Parsons has a cheeky saying: nosy parents are good parents. Tuning down judgement does not mean staying out of kids’ lives. It means the opposite: getting involved in their lives alongside them.
Several years ago, Parsons was working with a family whose young daughter had been sexually abused online. After spending a considerable amount of time around the kitchen table strengthening their family relationships first (because that, Parsons says, is the cornerstone of a child’s health and happiness) they moved on to changing their social networking habits. Together they deleted the daughter’s social networks and then started re-building them again.
One by one, the girl would add people onto her friends list, but it was different this time. Together, they only added people she knew and trusted. The photo she chose for her Facebook account included her dad sitting behind her, with his huge beard hanging over her shoulder. The aim was exactly that: that if you see this girl on Facebook, you see that her dad is behind her. She’s not alone. Even her Instagram account started including lots of photos with friends in them.

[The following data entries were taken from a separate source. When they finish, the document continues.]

(* Let $\chi=1$ and let $D_0:=|\det g|\,dg\otimes1\otimes1\in\mathcal S^*(\mathcal O_2)\otimes(|\det|\boxtimes|\det|^{-1})$, where $dg$ is a Haar measure on $\mathcal O_2=\mathrm{GL}_2(F)$; it spans the one-dimensional space $\mathcal S^*(\mathcal O_2)^\chi$. Then there exists $D_1\in\mathcal S^*(M_2)\otimes(|\det|\boxtimes|\det|^{-1})$ such that the restriction of $D_1$ to $\mathcal O_2$ equals $D_0$, and $D_1\in\mathcal S^*(M_2)^{\chi,\infty}\setminus\mathcal S^*(M_2)^{\chi}$.
   Context: $F$ nonarchimedean local field of characteristic $0$, $G=G'=\mathrm{GL}_2(F)$ acting on $M_2:=M_{2\times2}(F)$, $\mathcal O_2$ the set of invertible matrices. For $X\in\{M_2,\mathcal O_2\}$, $\mathcal S(X)$ is the space of locally constant compactly supported functions with $((g_1,g_2)f)(M)=f(g_1^{-1}Mg_2)$, $\mathcal S^*(X)$ its algebraic dual with contragredient action, and the restriction map $\mathcal S^*(M_2)\to\mathcal S^*(\mathcal O_2)$ is dual to extension by zero. For a character $\chi$ of $G$, $\mathcal S^*(X)^\chi$ is the space of $G$-invariant vectors (first factor) in $\mathcal S^*(X)\otimes(|\det|\boxtimes|\det|^{-1})\otimes\chi^{-1}$, and $\mathcal S^*(X)^{\chi,\infty}$ is the space of generalized $(G,\chi)$-invariant vectors in $\mathcal S^*(X)\otimes(|\det|\boxtimes|\det|^{-1})$, where $v$ is generalized $\chi$-invariant if for some $k\ge0$, $(g_0-\chi(g_0))\cdots(g_k-\chi(g_k))v=0$ for all $g_0,\dots,g_k\in G$. *)

theory Defs
  imports "HOL-Analysis.Analysis"
begin

definition nonarch_local_field :: "('a::field_char_0 \<Rightarrow> real) \<Rightarrow> bool" where
  "nonarch_local_field absv \<longleftrightarrow>
     (\<forall>x. absv x \<ge> 0) \<and> (\<forall>x. absv x = 0 \<longleftrightarrow> x = 0) \<and>
     (\<forall>x y. absv (x * y) = absv x * absv y) \<and>
     (\<forall>x y. absv (x + y) \<le> max (absv x) (absv y)) \<and>
     (\<exists>x. absv x \<noteq> 0 \<and> absv x \<noteq> 1) \<and>
     \<comment> \<open>complete\<close>
     (\<forall>s::nat \<Rightarrow> 'a::field_char_0. (\<forall>e>0. \<exists>N. \<forall>m\<ge>N. \<forall>n\<ge>N. absv (s m - s n) < e) \<longrightarrow>
         (\<exists>l. \<forall>e>0. \<exists>N. \<forall>n\<ge>N. absv (s n - l) < e)) \<and>
     \<comment> \<open>closed unit ball totally bounded (so compact: local compactness)\<close>
     (\<forall>e>0. \<exists>S. finite S \<and> S \<subseteq> {x. absv x \<le> 1} \<and>
         (\<forall>x. absv x \<le> 1 \<longrightarrow> (\<exists>s\<in>S. absv (x - s) < e))) \<and>
     \<comment> \<open>normalized: |uniformizer| = 1/q, q = size of residue field\<close>
     (\<exists>p. 0 < absv p \<and> absv p < 1 \<and> (\<forall>x. absv x < 1 \<longrightarrow> absv x \<le> absv p) \<and>
         real (card ((\<lambda>x. {y. absv y \<le> 1 \<and> absv (y - x) < 1}) ` {x. absv x \<le> 1}))
           = 1 / absv p)"

type_synonym 'a mat2 = "'a^2^2"

definition mdist :: "('a::field \<Rightarrow> real) \<Rightarrow> 'a mat2 \<Rightarrow> 'a mat2 \<Rightarrow> real" where
  "mdist absv M N = Max {absv (M$i$j - N$i$j) | i j. True}"

definition GL2 :: "'a::field mat2 set" where
  "GL2 = {M. det M \<noteq> 0}"

definition compact_M :: "('a::field \<Rightarrow> real) \<Rightarrow> 'a mat2 set \<Rightarrow> bool" where
  "compact_M absv K \<longleftrightarrow> (\<forall>s::nat \<Rightarrow> 'a::field mat2. (\<forall>n. s n \<in> K) \<longrightarrow>
      (\<exists>l\<in>K. \<exists>r::nat\<Rightarrow>nat. strict_mono r \<and> (\<forall>e>0. \<exists>N. \<forall>n\<ge>N. mdist absv (s (r n)) l < e)))"

text \<open>Schwartz space S(X) for X = M_2 (UNIV) or X = O_2 (GL2); functions on X are
represented as functions on M_2 vanishing off X (extension by zero).\<close>
definition Sch :: "('a::field \<Rightarrow> real) \<Rightarrow> 'a mat2 set \<Rightarrow> ('a mat2 \<Rightarrow> complex) set" where
  "Sch absv X = {f. (\<forall>M. M \<notin> X \<longrightarrow> f M = 0) \<and>
      (\<forall>M\<in>X. \<exists>r>0. \<forall>N\<in>X. mdist absv N M < r \<longrightarrow> f N = f M) \<and>
      (\<exists>K. K \<subseteq> X \<and> compact_M absv K \<and> {M\<in>X. f M \<noteq> 0} \<subseteq> K)}"

text \<open>Elements of the algebraic dual S*(X) (only values on S(X) are relevant).\<close>
definition is_dist :: "('a::field \<Rightarrow> real) \<Rightarrow> 'a mat2 set \<Rightarrow> (('a mat2 \<Rightarrow> complex) \<Rightarrow> complex) \<Rightarrow> bool" where
  "is_dist absv X D \<longleftrightarrow> (\<forall>f\<in>Sch absv X. \<forall>h\<in>Sch absv X. \<forall>c::complex.
       D (\<lambda>M. f M + h M) = D f + D h \<and> D (\<lambda>M. c * f M) = c * D f)"

text \<open>Action of g in G (first factor) on S*(X) tensor (|det| boxtimes |det|^-1):
(g D)(f) = |det g| D(f(g .)).\<close>
definition act :: "('a::field \<Rightarrow> real) \<Rightarrow> 'a mat2 \<Rightarrow> (('a mat2 \<Rightarrow> complex) \<Rightarrow> complex)
     \<Rightarrow> ('a mat2 \<Rightarrow> complex) \<Rightarrow> complex" where
  "act absv g D = (\<lambda>f. complex_of_real (absv (det g)) * D (\<lambda>M. f (g ** M)))"

definition invariant1 :: "('a::field \<Rightarrow> real) \<Rightarrow> 'a mat2 set \<Rightarrow> (('a mat2 \<Rightarrow> complex) \<Rightarrow> complex) \<Rightarrow> bool" where
  "invariant1 absv X D \<longleftrightarrow> (\<forall>g\<in>GL2. \<forall>f\<in>Sch absv X. act absv g D f = D f)"

definition iter_op :: "('a::field \<Rightarrow> real) \<Rightarrow> 'a mat2 list \<Rightarrow> (('a mat2 \<Rightarrow> complex) \<Rightarrow> complex)
     \<Rightarrow> ('a mat2 \<Rightarrow> complex) \<Rightarrow> complex" where
  "iter_op absv gs D = foldr (\<lambda>g E. (\<lambda>f. act absv g E f - E f)) gs D"

definition gen_invariant1 :: "('a::field \<Rightarrow> real) \<Rightarrow> 'a mat2 set \<Rightarrow> (('a mat2 \<Rightarrow> complex) \<Rightarrow> complex) \<Rightarrow> bool" where
  "gen_invariant1 absv X D \<longleftrightarrow> (\<exists>k::nat. \<forall>gs. length gs = Suc k \<longrightarrow> set gs \<subseteq> GL2 \<longrightarrow>
      (\<forall>f\<in>Sch absv X. iter_op absv gs D f = 0))"

definition haar :: "('a::field \<Rightarrow> real) \<Rightarrow> (('a mat2 \<Rightarrow> complex) \<Rightarrow> complex) \<Rightarrow> bool" where
  "haar absv dg \<longleftrightarrow> is_dist absv GL2 dg \<and> (\<exists>f\<in>Sch absv GL2. dg f \<noteq> 0) \<and>
     (\<forall>f\<in>Sch absv GL2. (\<forall>M. Im (f M) = 0 \<and> Re (f M) \<ge> 0) \<longrightarrow> Im (dg f) = 0 \<and> Re (dg f) \<ge> 0) \<and>
     (\<forall>g\<in>GL2. \<forall>f\<in>Sch absv GL2. dg (\<lambda>M. f (g ** M)) = dg f)"

end

theory Submission
  imports Defs "HOL-Library.Diagonal_Subsequence"
begin

text \<open>For a Schwartz function \<open>f\<close> on \<open>M\<^sub>2\<close>, split the integral of \<open>|det g| f(g) dg\<close> over the shells
  \<open>|det g| = \<rho>\<^sup>n\<close>, \<open>\<rho> = 1/q\<close>. The shell integrals vanish for very negative \<open>n\<close>, and for large \<open>n\<close> they equal
  \<open>A + B \<rho>\<^sup>n\<close>: after rescaling \<open>f\<close> lives on \<open>M\<^sub>2(O)\<close>, whose shells are disjoint unions of cosets
  \<open>h K(r)\<close> of a congruence subgroup, \<open>h\<close> running over Hermite normal forms
  \<open>[[\<pi>\<^sup>a, 0], [c, \<pi>\<^sup>n\<^sup>-\<^sup>a]]\<close> times representatives of \<open>GL\<^sub>2(O)/K(r)\<close>, and counting these gives a constant
  plus a geometric sequence. \<open>D\<^sub>1 f\<close> is the sum over all shells, with the divergent constant tail
  \<open>\<Sum>n\<ge>N. A\<close> regularized to \<open>-N A\<close>. Translating by \<open>g\<close> with
  \<open>|det g| = \<rho>\<^sup>m\<close> shifts the shells by \<open>m\<close>, so \<open>(g - 1) D\<^sub>1 f = m A(f)\<close> where \<open>A\<close> is invariant; hence
  \<open>(g - 1)(g' - 1) D\<^sub>1 = 0\<close>, while \<open>\<pi> I\<close> moves \<open>D\<^sub>1\<close> by \<open>2 A\<close>, nonzero on the indicator of \<open>M\<^sub>2(O)\<close>.\<close>

section \<open>Two-by-two matrices\<close>

lemma matrix_diff_ldistrib: "(A::'a::ring_1^'n^'m) ** (B - C) = A ** B - A ** C"
  by (simp add: matrix_matrix_mult_def vec_eq_iff right_diff_distrib sum_subtractf)

lemma matrix_diff_rdistrib: "((A::'a::ring_1^'n^'m) - B) ** C = A ** C - B ** C"
  by (simp add: matrix_matrix_mult_def vec_eq_iff left_diff_distrib sum_subtractf)

lemma mat_mult_nth: "(mat x ** (M::'a::semiring_1^'n^'m)) $ i $ j = x * M $ i $ j"
  by (simp add: matrix_matrix_mult_def mat_def if_distrib[where f="\<lambda>c. c * _"] cong: if_cong)

lemma mult_entry: "((A::'a::semiring_1 mat2) ** B)$i$j = A$i$1 * B$1$j + A$i$2 * B$2$j"
  by (simp add: matrix_matrix_mult_def sum_2)

lemma mat2_eq: "(M::'a mat2) = N \<longleftrightarrow> M$1$1 = N$1$1 \<and> M$1$2 = N$1$2 \<and> M$2$1 = N$2$1 \<and> M$2$2 = N$2$2"
  by (auto simp: vec_eq_iff forall_2)

definition matrix2 :: "'a \<Rightarrow> 'a \<Rightarrow> 'a \<Rightarrow> 'a \<Rightarrow> 'a mat2" where
  "matrix2 a b c d = (\<chi> i j. if i = 1 then (if j = 1 then a else b) else (if j = 1 then c else d))"

lemma matrix2_nth [simp]:
  "matrix2 a b c d $ 1 $ 1 = a" "matrix2 a b c d $ 1 $ 2 = b"
  "matrix2 a b c d $ 2 $ 1 = c" "matrix2 a b c d $ 2 $ 2 = d"
  by (simp_all add: matrix2_def)

lemma mat2_mat_nth [simp]:
  "(mat x :: 'a::zero mat2) $ 1 $ 1 = x" "(mat x :: 'a mat2) $ 1 $ 2 = 0"
  "(mat x :: 'a mat2) $ 2 $ 1 = 0" "(mat x :: 'a mat2) $ 2 $ 2 = x"
  by (simp_all add: mat_def)

lemma det_matrix2: "det (matrix2 a b c d :: 'a::comm_ring_1 mat2) = a * d - b * c"
  by (simp add: det_2)

definition inv2 :: "'a::field mat2 \<Rightarrow> 'a mat2" where
  "inv2 g = matrix2 (g$2$2 / det g) (- g$1$2 / det g) (- g$2$1 / det g) (g$1$1 / det g)"

lemma inv2_left: "det g \<noteq> 0 \<Longrightarrow> inv2 g ** g = mat 1"
  by (simp add: mat2_eq mult_entry inv2_def field_simps) (simp_all add: det_2 algebra_simps)

lemma inv2_right: "det g \<noteq> 0 \<Longrightarrow> g ** inv2 g = mat 1"
  by (simp add: mat2_eq mult_entry inv2_def field_simps) (simp_all add: det_2 algebra_simps)

lemma inv2_cancel: "det g \<noteq> 0 \<Longrightarrow> inv2 g ** (g ** M) = M"
  by (simp add: matrix_mul_assoc inv2_left)

lemma inv2_cancel': "det g \<noteq> 0 \<Longrightarrow> g ** (inv2 g ** M) = M"
  by (simp add: matrix_mul_assoc inv2_right)

lemma det_inv2: "det g \<noteq> 0 \<Longrightarrow> det (inv2 g) = inverse (det g)"
  using det_mul[of "inv2 g" g] inv2_left[of g] by (simp add: field_simps)

section \<open>Regularized sums of sequences with a geometric tail\<close>

locale geometric_tail =
  fixes q :: complex
  assumes q_nonzero: "q \<noteq> 0" and q_ne_1: "q \<noteq> 1"
begin

definition geom_tail :: "(int \<Rightarrow> complex) \<Rightarrow> int \<Rightarrow> int \<Rightarrow> complex \<Rightarrow> complex \<Rightarrow> bool" where
  "geom_tail x L N A B \<longleftrightarrow> L \<le> N \<and> (\<forall>n<L. x n = 0) \<and> (\<forall>n\<ge>N. x n = A + B * q powi n)"

text \<open>The geometric part of the tail is summed as \<open>\<Sum>n\<ge>N. B q^n = B q^N / (1 - q)\<close>; the divergent
  constant part \<open>\<Sum>n\<ge>N. A\<close> is assigned \<open>-N A\<close>, the only choice that makes the value independent of \<open>N\<close>.\<close>
definition reg_value :: "(int \<Rightarrow> complex) \<Rightarrow> int \<Rightarrow> int \<Rightarrow> complex \<Rightarrow> complex \<Rightarrow> complex" where
  "reg_value x L N A B = (\<Sum>n\<in>{L..<N}. x n) - of_int N * A + B * q powi N / (1 - q)"

lemma q_powi_add: "q powi (m + n) = q powi m * q powi n"
  using q_nonzero by (simp add: power_int_add)

lemma geom_tail_coeffs_unique:
  assumes "geom_tail x L N A B" "geom_tail x L' N' A' B'"
  shows "A = A' \<and> B = B'"
proof -
  define n where "n = max N N'"
  have "A + B * q powi n = A' + B' * q powi n" "A + B * q powi (n + 1) = A' + B' * q powi (n + 1)"
    using assms unfolding geom_tail_def n_def by (metis max.cobounded1 max.cobounded2 add_increasing2 zero_le_one)+
  hence "(B - B') * (q powi n * (1 - q)) = 0"
    unfolding q_powi_add power_int_1_right by algebra
  moreover have "q powi n * (1 - q) \<noteq> 0" using q_nonzero q_ne_1 by simp
  ultimately have "B = B'" using q_nonzero by simp
  thus ?thesis using \<open>A + B * q powi n = A' + B' * q powi n\<close> by simp
qed

lemma geom_tail_mono: "geom_tail x L N A B \<Longrightarrow> L' \<le> L \<Longrightarrow> N \<le> N' \<Longrightarrow> geom_tail x L' N' A B"
  unfolding geom_tail_def by auto

lemma reg_value_lower:
  assumes "geom_tail x L N A B" "L' \<le> L"
  shows "reg_value x L' N A B = reg_value x L N A B"
proof -
  have "{L'..<N} = {L'..<L} \<union> {L..<N}" using assms unfolding geom_tail_def by auto
  hence "(\<Sum>n\<in>{L'..<N}. x n) = (\<Sum>n\<in>{L'..<L}. x n) + (\<Sum>n\<in>{L..<N}. x n)"
    by (simp add: sum.union_disjoint)
  moreover have "(\<Sum>n\<in>{L'..<L}. x n) = 0" using assms unfolding geom_tail_def by simp
  ultimately show ?thesis unfolding reg_value_def by simp
qed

The takeaway from this is that safety on the internet doesn’t mean staying away from social networks because there’s value in them. But it does mean using the internet in a way that projects a strong, healthy person — exactly the person that a teenager is behind the internet.
And that, Parsons says, starts at the dinner table.
Family doesn’t necessarily mean mums and dads, by the way. Parsons’ own parents died when he was 13, so from his teenage years onward, he was raised by people other than his parents. He knows that for some children, support needs to come from people other than their biological families. Those children need to find adults they can look up to and who’ll take care of them — their “safety lighthouses” — elsewhere. And if they haven’t got any, they need to keep pushing until they find someone who’ll listen and help. In helping them achieve that, society needs to do its job.
Just as internet safety isn’t just one conversation, it doesn’t just involve parents. We all have an opportunity to be a safe place for children. John Parsons is a sign of this perhaps more than anyone.